The Maison Feuillette has a simple, sober massing, typical of working-class housing in the Centre region between the wars. The rectangular floor plan, the gable roof covered with flat tiles, the facade plastered with smooth plaster: at first glance, nothing distinguishes this house from an ordinary building of the same period. But that's precisely where its strength lies: behind a perfectly ordinary appearance lies a revolutionary structure. The walls, around 55 to 60 centimetres thick, are made of wheat straw bales stacked flat and covered with a plaster coating applied directly to the straw.

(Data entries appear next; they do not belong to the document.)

lemma coeff_mult_char_poly_matrix:
  fixes q :: "'a :: comm_ring_1 poly"
  assumes "A \<in> carrier_mat n n" "m < n" "j < n"
  shows "coeff (q * char_poly_matrix A $$ (m, j)) k =
     (if m = j \<and> k > 0 then coeff q (k - 1) else 0) - coeff q k * A $$ (m, j)"
proof -
  have "char_poly_matrix A $$ (m, j) = (if m = j then [:0, 1:] else 0) + [:- A $$ (m, j):]"
    using assms unfolding char_poly_matrix_def by simp
  then have "q * char_poly_matrix A $$ (m, j)
      = (if m = j then pCons 0 q else 0) + Polynomial.smult (- A $$ (m, j)) q"
    by (simp add: algebra_simps)
  then show ?thesis by (cases k) (auto simp: coeff_pCons)
qed

text \<open>The coefficient of \<open>z\<^sup>k\<close> at position \<open>(i, m)\<close> of \<open>adj(zI - A) (zI - A) = P(z) I\<close>.\<close>

lemma coeff_adj_char_poly_matrix:
  fixes A :: "'a :: comm_ring_1 mat"
  assumes A: "A \<in> carrier_mat n n" and i: "i < n" and m: "m < n"
  defines "\<beta> k m' \<equiv> coeff (adj_mat (char_poly_matrix A) $$ (i, m')) k"
  shows "(if k > 0 then \<beta> (k - 1) m else 0) - (\<Sum>m'<n. \<beta> k m' * A $$ (m', m))
    = (if i = m then coeff (char_poly A) k else 0)"
proof -
  let ?C = "char_poly_matrix A"
  have C: "?C \<in> carrier_mat n n" using A by simp
  have adj: "adj_mat ?C \<in> carrier_mat n n" using adj_mat(1)[OF C] .
  have "(adj_mat ?C * ?C) $$ (i, m) = (\<Sum>m'<n. adj_mat ?C $$ (i, m') * ?C $$ (m', m))"
    using adj C i m by (simp add: scalar_prod_def lessThan_atLeast0)
  then have "coeff ((adj_mat ?C * ?C) $$ (i, m)) k
      = (\<Sum>m'<n. (if m' = m \<and> k > 0 then \<beta> (k - 1) m' else 0) - \<beta> k m' * A $$ (m', m))"
    using A m unfolding \<beta>_def by (simp add: coeff_sum coeff_mult_char_poly_matrix)
  also have "\<dots> = (\<Sum>m'<n. if m' = m \<and> k > 0 then \<beta> (k - 1) m' else 0)
      - (\<Sum>m'<n. \<beta> k m' * A $$ (m', m))"
    by (simp add: sum_subtractf)
  also have "\<dots> = (if k > 0 then \<beta> (k - 1) m else 0) - (\<Sum>m'<n. \<beta> k m' * A $$ (m', m))"
    using m by (cases "k > 0") simp_all
  finally show ?thesis
    using adj_mat(3)[OF C] i m by (cases "i = m") (simp_all add: char_poly_def)
qed

text \<open>With the previous identity, \<open>c\<^sub>k (A\<^sup>k)\<^sub>i\<^sub>j\<close> is a difference of consecutive terms, so
  \<open>\<Sum>\<^sub>k c\<^sub>k (A\<^sup>k)\<^sub>i\<^sub>j\<close> telescopes.\<close>

lemma char_poly_coeff_pow_entry_telescope:
  fixes A :: "'a :: comm_ring_1 mat"
  assumes A: "A \<in> carrier_mat n n" and i: "i < n" and j: "j < n"
  defines "\<beta> k m \<equiv> coeff (adj_mat (char_poly_matrix A) $$ (i, m)) k"
  defines "U k \<equiv> \<Sum>m<n. (if k > 0 then \<beta> (k - 1) m else 0) * (A ^\<^sub>m k) $$ (m, j)"
  shows "coeff (char_poly A) k * (A ^\<^sub>m k) $$ (i, j) = U k - U (Suc k)"
proof -
  have "coeff (char_poly A) k * (A ^\<^sub>m k) $$ (i, j)
      = (\<Sum>m<n. if i = m then coeff (char_poly A) k * (A ^\<^sub>m k) $$ (m, j) else 0)"
    using i by simp
  also have "\<dots> = (\<Sum>m<n. (if i = m then coeff (char_poly A) k else 0) * (A ^\<^sub>m k) $$ (m, j))"
    by (intro sum.cong) auto
  also have "\<dots> = (\<Sum>m<n. ((if k > 0 then \<beta> (k - 1) m else 0)
      - (\<Sum>m'<n. \<beta> k m' * A $$ (m', m))) * (A ^\<^sub>m k) $$ (m, j))"
    by (intro sum.cong refl)
      (simp add: coeff_adj_char_poly_matrix[OF A i, folded \<beta>_def, symmetric])
  also have "\<dots> = U k - (\<Sum>m<n. (\<Sum>m'<n. \<beta> k m' * A $$ (m', m)) * (A ^\<^sub>m k) $$ (m, j))"
    unfolding U_def by (simp add: left_diff_distrib sum_subtractf)
  also have "(\<Sum>m<n. (\<Sum>m'<n. \<beta> k m' * A $$ (m', m)) * (A ^\<^sub>m k) $$ (m, j))
      = (\<Sum>m'<n. \<beta> k m' * (\<Sum>m<n. A $$ (m', m) * (A ^\<^sub>m k) $$ (m, j)))"
    by (simp only: sum_distrib_left sum_distrib_right mult.assoc) (rule sum.swap)
  also have "\<dots> = U (Suc k)"
    unfolding U_def pow_mat_Suc_left[OF A] using A j
    by (intro sum.cong refl) (simp add: scalar_prod_def lessThan_atLeast0)
  finally show ?thesis .
qed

This thickness gives the walls exceptional thermal inertia - the house stays cool in summer and warm in winter - and remarkable natural sound insulation. The windows and doors are framed with period wooden joinery, sober and functional. The outbuildings that complete the ensemble follow the same constructive and material logic, forming a coherent corpus that provides an understanding of the organisation of rural working-class housing at the beginning of the 20th century. The site as a whole is an exceptional architectural document on the alternative building practices of the period, and remains a prime object of study for researchers, engineers and architects specialising in eco-construction.
Maison Feuillette et ses dépendances is located in Montargis, Loiret department, Centre-Val de Loire region, France.
Maison Feuillette et ses dépendances dates back to a period built in the modern era (19th-20th century).
Maison Feuillette et ses dépendances is currently closed to visitors.